Task item: From the entries, copy out every line in which the word "notin" is found.

*** Records for the task

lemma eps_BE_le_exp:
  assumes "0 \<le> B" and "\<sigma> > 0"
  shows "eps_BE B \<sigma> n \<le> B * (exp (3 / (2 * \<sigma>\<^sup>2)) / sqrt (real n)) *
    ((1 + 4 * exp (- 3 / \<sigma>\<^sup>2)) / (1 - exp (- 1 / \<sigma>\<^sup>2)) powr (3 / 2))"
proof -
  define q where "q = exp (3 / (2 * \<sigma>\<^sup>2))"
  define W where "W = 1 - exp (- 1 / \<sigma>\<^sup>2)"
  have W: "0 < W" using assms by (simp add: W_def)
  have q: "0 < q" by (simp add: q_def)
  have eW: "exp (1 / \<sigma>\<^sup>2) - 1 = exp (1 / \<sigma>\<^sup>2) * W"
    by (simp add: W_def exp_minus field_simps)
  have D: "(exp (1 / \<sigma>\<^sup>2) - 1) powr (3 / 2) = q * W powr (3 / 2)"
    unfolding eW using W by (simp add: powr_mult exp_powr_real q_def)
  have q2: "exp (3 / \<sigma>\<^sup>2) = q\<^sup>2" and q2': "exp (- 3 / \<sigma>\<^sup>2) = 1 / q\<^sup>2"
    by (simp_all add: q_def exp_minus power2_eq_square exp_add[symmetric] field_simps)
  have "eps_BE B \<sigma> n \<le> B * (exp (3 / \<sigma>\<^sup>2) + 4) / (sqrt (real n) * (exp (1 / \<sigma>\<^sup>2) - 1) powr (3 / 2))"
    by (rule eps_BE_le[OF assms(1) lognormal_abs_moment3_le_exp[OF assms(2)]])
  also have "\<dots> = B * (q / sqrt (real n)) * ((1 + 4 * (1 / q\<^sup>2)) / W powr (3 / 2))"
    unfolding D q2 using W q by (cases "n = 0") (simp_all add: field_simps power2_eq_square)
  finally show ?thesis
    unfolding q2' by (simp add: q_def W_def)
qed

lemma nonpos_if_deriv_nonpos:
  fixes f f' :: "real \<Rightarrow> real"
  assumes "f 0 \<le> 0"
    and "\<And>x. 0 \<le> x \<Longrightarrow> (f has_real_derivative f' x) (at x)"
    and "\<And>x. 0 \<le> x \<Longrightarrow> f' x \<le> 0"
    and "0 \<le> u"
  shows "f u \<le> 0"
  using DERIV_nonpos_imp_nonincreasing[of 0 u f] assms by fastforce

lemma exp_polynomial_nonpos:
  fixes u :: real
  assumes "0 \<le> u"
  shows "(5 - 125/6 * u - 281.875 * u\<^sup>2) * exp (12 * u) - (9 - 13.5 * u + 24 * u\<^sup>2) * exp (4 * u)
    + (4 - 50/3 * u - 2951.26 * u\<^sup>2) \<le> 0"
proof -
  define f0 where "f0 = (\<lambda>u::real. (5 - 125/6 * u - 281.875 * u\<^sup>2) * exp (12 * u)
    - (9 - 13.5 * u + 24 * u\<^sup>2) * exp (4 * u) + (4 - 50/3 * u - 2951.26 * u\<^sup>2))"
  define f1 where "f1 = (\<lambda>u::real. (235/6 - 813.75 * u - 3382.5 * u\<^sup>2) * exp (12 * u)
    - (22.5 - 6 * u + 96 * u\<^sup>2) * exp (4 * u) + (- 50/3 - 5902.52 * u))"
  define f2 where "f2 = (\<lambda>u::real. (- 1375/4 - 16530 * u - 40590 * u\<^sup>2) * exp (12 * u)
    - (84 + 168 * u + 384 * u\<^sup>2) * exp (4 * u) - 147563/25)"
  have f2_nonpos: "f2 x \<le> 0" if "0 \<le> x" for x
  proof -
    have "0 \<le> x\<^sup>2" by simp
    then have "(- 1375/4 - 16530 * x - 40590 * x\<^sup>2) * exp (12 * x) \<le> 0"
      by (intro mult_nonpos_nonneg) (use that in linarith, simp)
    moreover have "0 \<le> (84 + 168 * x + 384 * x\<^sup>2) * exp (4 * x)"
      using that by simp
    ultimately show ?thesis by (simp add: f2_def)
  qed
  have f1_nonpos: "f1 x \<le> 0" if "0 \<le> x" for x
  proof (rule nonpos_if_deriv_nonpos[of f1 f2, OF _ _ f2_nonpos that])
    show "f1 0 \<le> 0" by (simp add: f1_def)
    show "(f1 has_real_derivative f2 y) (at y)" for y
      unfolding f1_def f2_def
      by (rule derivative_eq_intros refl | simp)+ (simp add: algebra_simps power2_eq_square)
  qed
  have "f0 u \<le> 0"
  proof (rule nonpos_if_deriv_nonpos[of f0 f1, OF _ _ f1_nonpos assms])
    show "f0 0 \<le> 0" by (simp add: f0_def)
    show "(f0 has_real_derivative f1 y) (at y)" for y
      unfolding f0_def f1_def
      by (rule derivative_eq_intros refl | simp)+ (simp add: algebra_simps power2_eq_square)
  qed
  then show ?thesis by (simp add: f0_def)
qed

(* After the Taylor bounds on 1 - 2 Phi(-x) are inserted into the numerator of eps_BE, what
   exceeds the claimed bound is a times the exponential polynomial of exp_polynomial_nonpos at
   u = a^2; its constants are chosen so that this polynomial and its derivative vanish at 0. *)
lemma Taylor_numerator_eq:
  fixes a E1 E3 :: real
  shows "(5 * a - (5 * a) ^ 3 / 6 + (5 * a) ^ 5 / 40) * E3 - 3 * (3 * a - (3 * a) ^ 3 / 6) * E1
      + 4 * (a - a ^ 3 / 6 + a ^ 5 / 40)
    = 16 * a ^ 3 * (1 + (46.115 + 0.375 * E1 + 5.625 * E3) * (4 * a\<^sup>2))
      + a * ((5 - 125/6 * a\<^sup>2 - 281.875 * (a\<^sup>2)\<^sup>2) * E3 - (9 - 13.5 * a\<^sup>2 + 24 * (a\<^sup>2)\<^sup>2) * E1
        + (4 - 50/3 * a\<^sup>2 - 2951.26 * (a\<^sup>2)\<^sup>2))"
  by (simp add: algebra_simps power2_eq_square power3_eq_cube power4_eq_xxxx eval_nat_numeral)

******
*** Records for the task

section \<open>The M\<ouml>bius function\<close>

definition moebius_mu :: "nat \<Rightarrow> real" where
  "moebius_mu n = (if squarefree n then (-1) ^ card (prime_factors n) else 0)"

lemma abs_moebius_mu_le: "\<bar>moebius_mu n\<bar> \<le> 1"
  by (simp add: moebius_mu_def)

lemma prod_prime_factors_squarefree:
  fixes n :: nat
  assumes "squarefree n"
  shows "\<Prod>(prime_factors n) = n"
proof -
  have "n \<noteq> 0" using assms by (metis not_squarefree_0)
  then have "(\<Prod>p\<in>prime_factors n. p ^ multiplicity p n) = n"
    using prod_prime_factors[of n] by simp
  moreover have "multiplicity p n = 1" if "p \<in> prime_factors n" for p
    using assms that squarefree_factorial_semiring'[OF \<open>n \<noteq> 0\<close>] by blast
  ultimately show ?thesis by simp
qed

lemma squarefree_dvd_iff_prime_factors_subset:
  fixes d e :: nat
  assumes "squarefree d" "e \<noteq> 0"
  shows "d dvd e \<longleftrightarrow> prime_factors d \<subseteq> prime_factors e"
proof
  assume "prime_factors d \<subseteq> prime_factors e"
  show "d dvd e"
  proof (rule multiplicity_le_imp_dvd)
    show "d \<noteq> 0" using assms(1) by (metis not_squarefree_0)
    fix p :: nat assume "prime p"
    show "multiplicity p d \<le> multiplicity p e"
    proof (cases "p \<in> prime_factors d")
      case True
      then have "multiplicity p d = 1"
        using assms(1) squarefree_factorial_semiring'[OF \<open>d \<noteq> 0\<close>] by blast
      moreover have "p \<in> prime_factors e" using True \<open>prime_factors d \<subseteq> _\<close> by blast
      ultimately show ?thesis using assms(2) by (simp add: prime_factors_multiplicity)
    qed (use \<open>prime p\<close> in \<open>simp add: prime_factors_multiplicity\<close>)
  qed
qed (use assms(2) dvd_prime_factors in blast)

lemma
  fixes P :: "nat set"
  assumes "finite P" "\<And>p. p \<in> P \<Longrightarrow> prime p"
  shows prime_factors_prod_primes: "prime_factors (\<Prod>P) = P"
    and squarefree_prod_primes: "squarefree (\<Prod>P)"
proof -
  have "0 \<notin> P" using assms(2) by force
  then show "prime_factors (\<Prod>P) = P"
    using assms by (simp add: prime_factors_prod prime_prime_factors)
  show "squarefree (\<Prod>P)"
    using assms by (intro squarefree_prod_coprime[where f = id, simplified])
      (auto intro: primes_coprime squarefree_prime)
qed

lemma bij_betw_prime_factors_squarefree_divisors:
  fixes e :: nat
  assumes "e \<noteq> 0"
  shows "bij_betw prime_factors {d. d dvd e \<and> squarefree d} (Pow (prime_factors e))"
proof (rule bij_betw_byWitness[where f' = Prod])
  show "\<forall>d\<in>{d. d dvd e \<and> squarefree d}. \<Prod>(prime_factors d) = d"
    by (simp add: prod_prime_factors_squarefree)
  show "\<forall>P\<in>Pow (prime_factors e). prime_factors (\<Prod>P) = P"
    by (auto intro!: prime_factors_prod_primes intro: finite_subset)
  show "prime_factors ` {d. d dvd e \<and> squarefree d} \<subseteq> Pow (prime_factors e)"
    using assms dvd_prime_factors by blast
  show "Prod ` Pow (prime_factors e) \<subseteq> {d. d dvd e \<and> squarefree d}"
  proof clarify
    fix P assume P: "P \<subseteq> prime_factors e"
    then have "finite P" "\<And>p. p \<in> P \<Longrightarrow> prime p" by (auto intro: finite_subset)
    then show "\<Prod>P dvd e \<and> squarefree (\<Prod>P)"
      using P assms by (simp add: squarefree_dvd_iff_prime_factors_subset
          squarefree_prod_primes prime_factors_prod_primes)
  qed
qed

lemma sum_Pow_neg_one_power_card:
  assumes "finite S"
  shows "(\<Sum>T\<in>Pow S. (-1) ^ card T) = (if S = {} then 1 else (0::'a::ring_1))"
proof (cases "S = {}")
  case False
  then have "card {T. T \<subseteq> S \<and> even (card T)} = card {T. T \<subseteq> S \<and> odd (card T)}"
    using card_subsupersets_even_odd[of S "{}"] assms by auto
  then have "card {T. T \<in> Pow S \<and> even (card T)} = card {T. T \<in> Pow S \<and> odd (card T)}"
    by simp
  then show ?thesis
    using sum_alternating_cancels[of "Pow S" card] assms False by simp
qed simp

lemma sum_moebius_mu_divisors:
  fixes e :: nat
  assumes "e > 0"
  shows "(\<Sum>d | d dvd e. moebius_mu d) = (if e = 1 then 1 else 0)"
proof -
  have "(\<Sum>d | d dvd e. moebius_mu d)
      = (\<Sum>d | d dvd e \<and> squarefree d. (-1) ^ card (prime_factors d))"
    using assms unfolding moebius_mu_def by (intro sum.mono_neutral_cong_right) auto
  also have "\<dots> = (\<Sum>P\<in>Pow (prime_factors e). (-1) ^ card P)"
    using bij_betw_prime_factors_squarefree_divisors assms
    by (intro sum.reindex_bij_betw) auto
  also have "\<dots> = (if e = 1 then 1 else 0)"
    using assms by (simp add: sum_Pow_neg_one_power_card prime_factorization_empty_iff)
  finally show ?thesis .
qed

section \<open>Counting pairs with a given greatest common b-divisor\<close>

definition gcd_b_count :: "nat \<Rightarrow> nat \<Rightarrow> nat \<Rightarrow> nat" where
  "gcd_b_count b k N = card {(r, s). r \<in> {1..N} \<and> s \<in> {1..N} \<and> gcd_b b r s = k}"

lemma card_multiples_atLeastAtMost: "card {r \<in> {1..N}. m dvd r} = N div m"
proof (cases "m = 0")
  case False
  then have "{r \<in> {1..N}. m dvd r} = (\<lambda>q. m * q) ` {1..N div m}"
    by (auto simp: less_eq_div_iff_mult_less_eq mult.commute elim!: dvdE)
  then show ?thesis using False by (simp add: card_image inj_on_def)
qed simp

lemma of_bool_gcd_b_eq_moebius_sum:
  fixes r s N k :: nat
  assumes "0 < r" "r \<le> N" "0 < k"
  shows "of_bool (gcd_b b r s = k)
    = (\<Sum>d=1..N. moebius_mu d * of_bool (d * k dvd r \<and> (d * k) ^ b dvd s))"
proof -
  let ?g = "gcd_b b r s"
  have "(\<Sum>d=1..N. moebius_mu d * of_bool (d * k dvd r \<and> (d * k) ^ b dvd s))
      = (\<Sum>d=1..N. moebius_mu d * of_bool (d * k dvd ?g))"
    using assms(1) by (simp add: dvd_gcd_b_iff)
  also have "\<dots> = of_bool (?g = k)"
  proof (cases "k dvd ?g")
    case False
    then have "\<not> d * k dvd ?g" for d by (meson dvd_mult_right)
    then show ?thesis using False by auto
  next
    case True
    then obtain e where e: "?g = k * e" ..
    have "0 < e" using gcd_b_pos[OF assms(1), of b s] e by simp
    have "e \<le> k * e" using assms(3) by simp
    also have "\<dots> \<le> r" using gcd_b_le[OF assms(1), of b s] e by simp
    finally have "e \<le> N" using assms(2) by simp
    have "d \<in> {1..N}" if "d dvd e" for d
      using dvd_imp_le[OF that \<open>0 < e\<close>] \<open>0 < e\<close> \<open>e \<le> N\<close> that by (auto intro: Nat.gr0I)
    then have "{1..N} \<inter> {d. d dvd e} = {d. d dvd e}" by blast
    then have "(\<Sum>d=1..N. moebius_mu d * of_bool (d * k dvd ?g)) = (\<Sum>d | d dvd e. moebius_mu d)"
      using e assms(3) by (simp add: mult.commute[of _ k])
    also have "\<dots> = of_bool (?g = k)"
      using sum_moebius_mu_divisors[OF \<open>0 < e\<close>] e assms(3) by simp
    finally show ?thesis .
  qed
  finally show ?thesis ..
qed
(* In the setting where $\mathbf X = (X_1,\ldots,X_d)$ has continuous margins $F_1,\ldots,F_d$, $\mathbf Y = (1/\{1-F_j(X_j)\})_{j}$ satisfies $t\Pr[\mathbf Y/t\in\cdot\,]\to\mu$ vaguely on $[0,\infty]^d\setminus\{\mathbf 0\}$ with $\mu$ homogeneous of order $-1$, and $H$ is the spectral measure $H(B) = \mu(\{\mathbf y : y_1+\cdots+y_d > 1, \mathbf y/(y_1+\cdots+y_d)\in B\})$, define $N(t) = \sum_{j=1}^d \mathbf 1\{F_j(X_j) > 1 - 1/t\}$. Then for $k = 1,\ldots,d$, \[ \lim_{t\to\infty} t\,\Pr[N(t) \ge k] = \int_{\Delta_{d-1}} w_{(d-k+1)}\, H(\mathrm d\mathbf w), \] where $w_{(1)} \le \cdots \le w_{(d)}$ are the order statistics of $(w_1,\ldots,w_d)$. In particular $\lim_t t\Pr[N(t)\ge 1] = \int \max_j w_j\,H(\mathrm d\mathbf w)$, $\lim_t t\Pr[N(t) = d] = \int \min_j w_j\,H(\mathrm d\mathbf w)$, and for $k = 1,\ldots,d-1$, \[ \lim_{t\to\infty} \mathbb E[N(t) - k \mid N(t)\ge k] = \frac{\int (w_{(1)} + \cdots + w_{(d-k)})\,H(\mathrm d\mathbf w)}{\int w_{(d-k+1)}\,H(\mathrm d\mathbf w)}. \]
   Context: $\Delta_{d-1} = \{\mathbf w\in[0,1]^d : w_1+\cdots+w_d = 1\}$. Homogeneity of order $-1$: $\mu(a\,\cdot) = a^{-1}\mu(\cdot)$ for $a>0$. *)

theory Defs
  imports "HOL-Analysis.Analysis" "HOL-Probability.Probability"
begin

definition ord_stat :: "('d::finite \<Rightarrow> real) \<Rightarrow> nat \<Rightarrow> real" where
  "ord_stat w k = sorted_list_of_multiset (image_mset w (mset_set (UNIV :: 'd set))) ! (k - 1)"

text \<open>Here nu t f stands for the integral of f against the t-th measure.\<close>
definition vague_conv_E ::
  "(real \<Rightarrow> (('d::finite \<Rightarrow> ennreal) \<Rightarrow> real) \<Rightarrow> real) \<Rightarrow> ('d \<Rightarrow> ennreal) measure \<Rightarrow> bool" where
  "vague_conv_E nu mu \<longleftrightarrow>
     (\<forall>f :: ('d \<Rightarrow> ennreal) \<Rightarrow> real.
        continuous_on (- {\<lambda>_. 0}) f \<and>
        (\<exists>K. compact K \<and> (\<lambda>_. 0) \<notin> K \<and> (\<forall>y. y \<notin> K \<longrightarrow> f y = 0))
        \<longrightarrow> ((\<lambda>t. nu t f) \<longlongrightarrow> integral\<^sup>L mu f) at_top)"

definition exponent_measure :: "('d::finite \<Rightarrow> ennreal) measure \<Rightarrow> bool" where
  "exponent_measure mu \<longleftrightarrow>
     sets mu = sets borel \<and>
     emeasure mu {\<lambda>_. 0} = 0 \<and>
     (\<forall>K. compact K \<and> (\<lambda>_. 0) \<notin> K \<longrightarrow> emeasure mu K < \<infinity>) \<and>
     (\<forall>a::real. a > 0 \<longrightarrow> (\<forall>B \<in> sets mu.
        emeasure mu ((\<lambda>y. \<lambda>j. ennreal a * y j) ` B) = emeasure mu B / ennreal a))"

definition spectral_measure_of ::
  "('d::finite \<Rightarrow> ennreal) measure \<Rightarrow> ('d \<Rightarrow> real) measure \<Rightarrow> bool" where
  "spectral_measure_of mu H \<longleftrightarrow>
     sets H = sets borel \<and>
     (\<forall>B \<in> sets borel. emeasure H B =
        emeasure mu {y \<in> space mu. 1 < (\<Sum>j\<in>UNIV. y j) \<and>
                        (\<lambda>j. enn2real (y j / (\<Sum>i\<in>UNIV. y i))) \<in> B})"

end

******
*** Records for the task

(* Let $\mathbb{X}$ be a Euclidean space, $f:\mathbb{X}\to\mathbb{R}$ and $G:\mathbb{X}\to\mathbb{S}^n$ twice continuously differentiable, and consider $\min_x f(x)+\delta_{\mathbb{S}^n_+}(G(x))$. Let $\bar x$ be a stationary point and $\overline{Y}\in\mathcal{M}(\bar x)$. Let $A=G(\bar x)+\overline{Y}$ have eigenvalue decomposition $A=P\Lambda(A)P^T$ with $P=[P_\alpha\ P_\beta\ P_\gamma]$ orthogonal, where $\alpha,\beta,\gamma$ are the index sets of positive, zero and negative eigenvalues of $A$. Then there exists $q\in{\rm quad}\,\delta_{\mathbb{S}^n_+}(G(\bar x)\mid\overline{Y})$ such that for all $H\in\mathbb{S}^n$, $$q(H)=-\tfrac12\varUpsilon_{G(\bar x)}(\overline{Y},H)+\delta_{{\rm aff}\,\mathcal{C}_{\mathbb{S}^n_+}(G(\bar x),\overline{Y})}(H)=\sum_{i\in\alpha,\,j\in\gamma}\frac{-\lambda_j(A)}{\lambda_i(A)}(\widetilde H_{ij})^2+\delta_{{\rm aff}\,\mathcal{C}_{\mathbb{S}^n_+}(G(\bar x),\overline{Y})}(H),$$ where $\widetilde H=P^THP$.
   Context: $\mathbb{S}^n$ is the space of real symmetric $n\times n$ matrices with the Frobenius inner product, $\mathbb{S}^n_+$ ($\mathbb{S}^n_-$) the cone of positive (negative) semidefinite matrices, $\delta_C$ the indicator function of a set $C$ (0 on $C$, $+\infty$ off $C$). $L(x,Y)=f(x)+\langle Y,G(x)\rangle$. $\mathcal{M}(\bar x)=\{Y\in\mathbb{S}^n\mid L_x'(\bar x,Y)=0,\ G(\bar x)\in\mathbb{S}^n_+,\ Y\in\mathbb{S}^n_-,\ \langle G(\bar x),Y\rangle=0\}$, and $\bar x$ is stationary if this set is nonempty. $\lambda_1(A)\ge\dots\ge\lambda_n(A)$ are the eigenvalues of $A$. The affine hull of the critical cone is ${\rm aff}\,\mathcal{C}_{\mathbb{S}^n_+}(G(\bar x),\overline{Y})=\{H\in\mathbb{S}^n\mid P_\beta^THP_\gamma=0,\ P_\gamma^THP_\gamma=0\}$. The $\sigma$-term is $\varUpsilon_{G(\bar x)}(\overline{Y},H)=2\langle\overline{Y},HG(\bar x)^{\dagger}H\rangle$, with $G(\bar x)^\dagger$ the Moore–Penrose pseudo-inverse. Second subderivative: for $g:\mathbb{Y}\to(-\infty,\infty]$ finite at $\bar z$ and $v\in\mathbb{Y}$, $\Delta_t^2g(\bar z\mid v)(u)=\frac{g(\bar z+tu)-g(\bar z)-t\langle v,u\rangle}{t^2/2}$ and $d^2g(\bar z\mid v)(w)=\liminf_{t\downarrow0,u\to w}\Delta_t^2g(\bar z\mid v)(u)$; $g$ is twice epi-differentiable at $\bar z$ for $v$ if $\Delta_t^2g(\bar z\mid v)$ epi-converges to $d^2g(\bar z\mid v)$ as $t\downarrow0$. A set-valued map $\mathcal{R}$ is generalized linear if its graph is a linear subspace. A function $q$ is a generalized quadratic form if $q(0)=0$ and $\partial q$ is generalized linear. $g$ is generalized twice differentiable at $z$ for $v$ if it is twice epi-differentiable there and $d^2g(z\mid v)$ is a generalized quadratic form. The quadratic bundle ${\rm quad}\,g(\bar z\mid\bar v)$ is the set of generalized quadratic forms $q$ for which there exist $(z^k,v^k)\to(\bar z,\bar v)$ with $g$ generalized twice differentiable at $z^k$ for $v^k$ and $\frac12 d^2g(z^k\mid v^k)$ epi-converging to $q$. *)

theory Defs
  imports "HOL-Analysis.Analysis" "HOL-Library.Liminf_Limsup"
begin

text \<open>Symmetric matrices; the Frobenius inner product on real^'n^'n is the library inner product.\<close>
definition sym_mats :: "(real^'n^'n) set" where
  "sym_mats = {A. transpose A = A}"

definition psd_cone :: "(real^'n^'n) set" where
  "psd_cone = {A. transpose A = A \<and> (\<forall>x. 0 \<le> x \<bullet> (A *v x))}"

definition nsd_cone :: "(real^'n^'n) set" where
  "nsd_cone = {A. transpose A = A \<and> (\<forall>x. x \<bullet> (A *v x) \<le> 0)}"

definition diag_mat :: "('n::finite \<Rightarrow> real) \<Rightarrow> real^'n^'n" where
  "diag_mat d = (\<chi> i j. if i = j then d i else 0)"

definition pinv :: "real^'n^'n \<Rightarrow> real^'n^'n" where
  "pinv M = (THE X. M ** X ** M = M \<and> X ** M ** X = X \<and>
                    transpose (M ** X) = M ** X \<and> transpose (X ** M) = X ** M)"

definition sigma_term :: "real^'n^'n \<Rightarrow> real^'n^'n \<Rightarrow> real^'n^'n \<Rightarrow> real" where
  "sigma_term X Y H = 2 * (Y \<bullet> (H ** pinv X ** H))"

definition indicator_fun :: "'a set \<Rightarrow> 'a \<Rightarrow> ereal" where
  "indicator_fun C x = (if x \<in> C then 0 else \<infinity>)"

******

Output below:
  have "0 \<notin> P" using assms(2) by force
        (\<exists>K. compact K \<and> (\<lambda>_. 0) \<notin> K \<and> (\<forall>y. y \<notin> K \<longrightarrow> f y = 0))
     (\<forall>K. compact K \<and> (\<lambda>_. 0) \<notin> K \<longrightarrow> emeasure mu K < \<infinity>) \<and>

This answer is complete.